# 75 Gallon Gallery 56k Warning



## Jason Baliban (Feb 21, 2005)

I am moving after this weekend so I had no choice but to take pictures of my 75. Its still a little immature and I am not completely happy with it, but its all a learning experience.

Hope you enjoy....



















jB


----------



## Jdinh04 (Oct 7, 2004)

Really digging the look bro, plants look healthy like no other. Keep it up, you are a great plant grower!


----------



## redstrat (Apr 3, 2006)

DUDE That is incredible!!!!! I don’t think I've been this impressed with a scape in a long time!!! It’s such a clean layout but you still managed to pack tons of variety without looking crowded or overwhelming... I love how it makes you take a look at it even longer to take in all the subtleties!!! Amazing!!

could you give a few particulars about your setup, lighting, ferts, water chem... nothing to crazy just general details. Looks great!!!


----------



## Emc2 (Oct 29, 2005)

Jason, it really does look great. Your dedication to the hobby and the learning process is enviable. I'm looking forward to seeing your skills evolve in your new place.


----------



## Bert H (Mar 2, 2004)

Jason, tank looks great!



> It's such a clean layout but you still managed to pack tons of variety without looking crowded or overwhelming...


Agreed!

Will you have to do a total teardown for the move?


----------



## nswhite (Aug 25, 2006)

Wow, I think your tank look sweet. I hope I can get my 75 where I want it soon.


----------



## aquasox (Sep 11, 2005)

Tank looks outstanding. I particularily like the Ludwigia glandulosa (?) highlights. 

I think it would look really cool with Congo tetras haha, but maybe thats just me...it could cause the tank to look slightly smaller, however.


----------



## turtlehead (Nov 27, 2004)

excellent, what is that purple plant on the left?


----------



## Jason Baliban (Feb 21, 2005)

davis.1841 said:


> DUDE That is incredible!!!!! I don't think I've been this impressed with a scape in a long time!!! It's such a clean layout but you still managed to pack tons of variety without looking crowded or overwhelming... I love how it makes you take a look at it even longer to take in all the subtleties!!! Amazing!!
> 
> could you give a few particulars about your setup, lighting, ferts, water chem... nothing to crazy just general details.
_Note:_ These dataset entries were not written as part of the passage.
lemma search_prefix_extend:
  assumes "finite V" and cg: "connected_graph (V - {\<tau> ! 0}) E"
    and pre: "search_prefix S V E \<tau>" and nonroot: "nonroot_earlier_neighbours E \<tau>"
    and len: "2 \<le> length \<tau>" and "set \<tau> \<noteq> V"
  shows "\<exists>x. search_prefix S V E (\<tau> @ [x]) \<and> nonroot_earlier_neighbours E (\<tau> @ [x])"
proof -
  define n where "n = length \<tau>"
  define L where "L y = search_label E \<tau> (Suc n) y" for y
  define C where "C = {y \<in> V - set \<tau>. \<exists>j\<in>{1..<n}. E (\<tau> ! j) y}"
  have d: "distinct \<tau>" and sub: "set \<tau> \<subseteq> V" using pre by (simp_all add: search_prefix_def)
  have "C \<noteq> {}"
    using exists_unnumbered_nonroot_neighbour[OF cg d sub len assms(6)] unfolding C_def n_def by blast
  moreover have "finite C" using assms(1) by (simp add: C_def)
  moreover have "finite (L y)" for y by (simp add: L_def finite_search_label)
  ultimately obtain x where x: "x \<in> C" "\<forall>y\<in>C. \<not> label_prec S (L x) (L y)"
    using exists_label_prec_maximal[of C L S] by blast
  then obtain j where j: "1 \<le> j" "j < n" "E (\<tau> ! j) x" by (auto simp: C_def)
  then have "Suc j \<in> L x" by (simp add: L_def search_label_def)
  text \<open>Restricting the choice to \<open>C\<close> is legal: a label inside \<open>{1}\<close> never dominates one
    containing a larger number.\<close>
  have greatest: "\<not> label_prec S (L x) (L y)" if y: "y \<in> V - set \<tau>" for y
  proof (cases "y \<in> C")
    case True
    then show ?thesis using x(2) by blast
  next
    case False
    have "L y \<subseteq> {1}"
    proof
      fix i assume "i \<in> L y"
      then have i: "1 \<le> i" "i - 1 < n" "E (\<tau> ! (i - 1)) y" by (auto simp: L_def search_label_def)
      show "i \<in> {1}"
      proof (rule ccontr)
        assume "i \<notin> {1}"
        then have "i - 1 \<in> {1..<n}" using i(1,2) by auto
        then show False using False y i(3) unfolding C_def by blast
      qed
    qed
    moreover have "1 < Suc j" using j(1) by simp
    ultimately show ?thesis
      using not_label_prec_singleton_below[OF _ \<open>Suc j \<in> L x\<close>] by (simp add: L_def finite_search_label)
  qed
  have "x \<in> V - set \<tau>" using x(1) by (simp add: C_def)
  then have "search_prefix S V E (\<tau> @ [x])"
    using search_prefix_snoc[OF pre] greatest by (simp add: L_def n_def)
  moreover have "nonroot_earlier_neighbours E (\<tau> @ [x])"
    unfolding nonroot_earlier_neighbours_def
  proof
    fix k assume k: "k \<in> {2..<length (\<tau> @ [x])}"
    show "\<exists>i\<in>{1..<k}. E ((\<tau> @ [x]) ! i) ((\<tau> @ [x]) ! k)"
    proof (cases "k < n")
      case True
      then have "k \<in> {2..<length \<tau>}" using k by (simp add: n_def)
      then obtain i where "i \<in> {1..<k}" "E (\<tau> ! i) (\<tau> ! k)"
        using nonroot unfolding nonroot_earlier_neighbours_def by blast
      then show ?thesis using True by (auto simp: nth_append n_def)
    next
      case False
      then have "k = n" using k by (simp add: n_def)
      then show ?thesis using j by (auto simp: nth_append n_def)
    qed
  qed
  ultimately show ?thesis by blast
qed
(* Let $F$ be a distribution on $[0,\infty)$ with a long-tailed density $f$ on $[\widehat x,\infty)$. Suppose one of the following holds: (i) there exists $c>0$ such that $f(y)\ge cf(x)$ for all $y\in(x,2x]$ and all sufficiently large $x$; (ii) $g(x)=-\ln f(x)$ is concave for $x\ge x_0$ for some $x_0$, and for some function $h(x)\to\infty$ one has $f(x+t)\sim f(x)$ as $x\to\infty$ uniformly in $|t|\le h(x)$ and $x\,e^{-g(h(x))}\to0$ as $x\to\infty$. Then $f$ is subexponential, i.e. $F\in\mathcal S_{ac}$.
   Context: A distribution $F$ has a density $f$ on $[\widehat x,\infty)$ if $F(B)=\int_Bf(y)dy$ for Borel $B\subseteq[\widehat x,\infty)$. Such a density is long-tailed if it is bounded on $[\widehat x,\infty)$, $f(x)>0$ for all large $x$, and $f(x+t)\sim f(x)$ as $x\to\infty$ uniformly in $t\in[0,1]$. $F\in\mathcal S_{ac}$ if $f$ is long-tailed and $2\int_0^{\widehat x}f(x-y)F(dy)+\int_{\widehat x}^{x-\widehat x}f(x-y)f(y)dy\sim2f(x)$ as $x\to\infty$. *)

theory Defs
  imports "HOL-Analysis.Analysis" "HOL-Probability.Probability" "HOL-Library.Landau_Symbols"
begin

definition distribution_on_nonneg :: "real measure \<Rightarrow> bool" where
  "distribution_on_nonneg F \<longleftrightarrow>
     prob_space F \<and> sets F = sets borel \<and> emeasure F {..<0} = 0"

definition has_density_on :: "real measure \<Rightarrow> (real \<Rightarrow> real) \<Rightarrow> real \<Rightarrow> bool" where
  "has_density_on F f xh \<longleftrightarrow>
     f \<in> borel_measurable (restrict_space borel {xh..}) \<and>
     (\<forall>y\<ge>xh. 0 \<le> f y) \<and>
     (\<forall>B\<in>sets borel. B \<subseteq> {xh..} \<longrightarrow>
        emeasure F B = (\<integral>\<^sup>+ y\<in>B. ennreal (f y) \<partial>lborel))"

definition long_tailed_density :: "(real \<Rightarrow> real) \<Rightarrow> real \<Rightarrow> bool" where
  "long_tailed_density f xh \<longleftrightarrow>
     (\<exists>M. \<forall>x\<ge>xh. \<bar>f x\<bar> \<le> M) \<and>
     (\<forall>\<^sub>F x in at_top. f x > 0) \<and>
     (\<forall>\<epsilon>>0. \<forall>\<^sub>F x in at_top. \<forall>t\<in>{0..1}. \<bar>f (x + t) / f x - 1\<bar> \<le> \<epsilon>)"

definition S_ac :: "real measure \<Rightarrow> (real \<Rightarrow> real) \<Rightarrow> real \<Rightarrow> bool" where
  "S_ac F f xh \<longleftrightarrow>
     long_tailed_density f xh \<and>
     (\<lambda>x. 2 * (\<integral>y\<in>{0..xh}. f (x - y) \<partial>F)
            + (\<integral>y\<in>{xh..x - xh}. f (x - y) * f y \<partial>lborel))
       \<sim>[at_top] (\<lambda>x. 2 * f x)"

end

theory Submission
  imports Defs
begin

text \<open>
  Split the convolution integral at x/2: by symmetry it is twice the integral over
  xh \<le> y \<le> x/2. For fixed a, long-tailedness gives f(x - y) \<sim> f(x) uniformly in y \<le> a,
  so the part y \<le> a contributes about f(x) F(xh, a], and likewise the first term contributes
  about 2 f(x) F[0, xh]. What remains is to show that the range a < y \<le> x/2 contributes at
  most f(x) times a quantity that is small for large a. Under (i), x \<in> (x - y, 2(x - y)], so
  f(x - y) \<le> f(x)/c and this range costs at most f(x) F(a, \<infinity>)/c. Under (ii), f is
  log-convex, so on h(x) < y \<le> x/2 the product f(x - y) f(y) is at most
  f(h(x)) f(x - h(x)) \<sim> f(h(x)) f(x), and the whole range costs at most x f(h(x)) f(x) = o(f(x));
  the range y \<le> h(x) is covered by the uniform insensitivity of f on |t| \<le> h(x).
  Since F[0, xh] + F(xh, \<infinity>) = 1, the two terms together are asymptotic to 2 f(x).
\<close>

lemma tendsto_real_by_le:
  fixes g :: "'a \<Rightarrow> real"
  assumes "\<And>\<epsilon>. \<epsilon> > 0 \<Longrightarrow> \<forall>\<^sub>F x in F. \<bar>g x - L\<bar> \<le> \<epsilon>"
  shows "(g \<longlongrightarrow> L) F"
proof (rule tendstoI)
  fix e :: real
  assume "e > 0"
  with assms[of "e/2"] show "\<forall>\<^sub>F x in F. dist (g x) L < e"
    by (auto elim!: eventually_mono simp: dist_real_def)
qed

lemma bounds_of_ratio_near_one:
  fixes a b d :: real
  assumes "a > 0" and "\<bar>b / a - 1\<bar> \<le> d"
  shows "(1 - d) * a \<le> b \<and> b \<le> (1 + d) * a"
proof -
  have "1 - d \<le> b / a" "b / a \<le> 1 + d"
    using assms(2) by auto
  with assms(1) show ?thesis
    by (auto simp: field_simps)
qed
Looks great!!!


WOW!!

I am blown away by the positive response to this tank. I truly appreciate it.

Here is some info on the tank...
75 Gallon
KH: 10
GH: 12
CO2: 35-45ppm

Fertilization: 
Maintain 10-20ppm of NO3, 1-2ppm of PO4, 15-30ppm of K, and dose 5m of TMG daily.

Substrate: 
Flourite and Sand

Lighting: 
4x55 Power Compact(2x6700k - 2x9325k) On a timer for 7 hours a day.



> Will you have to do a total teardown for the move?


Yes, but i dont mind at all. I wish I had just a few more months to move this tank to maturity, but I really do enjoy creating new ideas every 6 months or so.



> Jason, it really does look great. Your dedication to the hobby and the learning process is enviable. I'm looking forward to seeing your skills evolve in your new place.


That is very kind Erin....usually you just give me digs I really appreciate it.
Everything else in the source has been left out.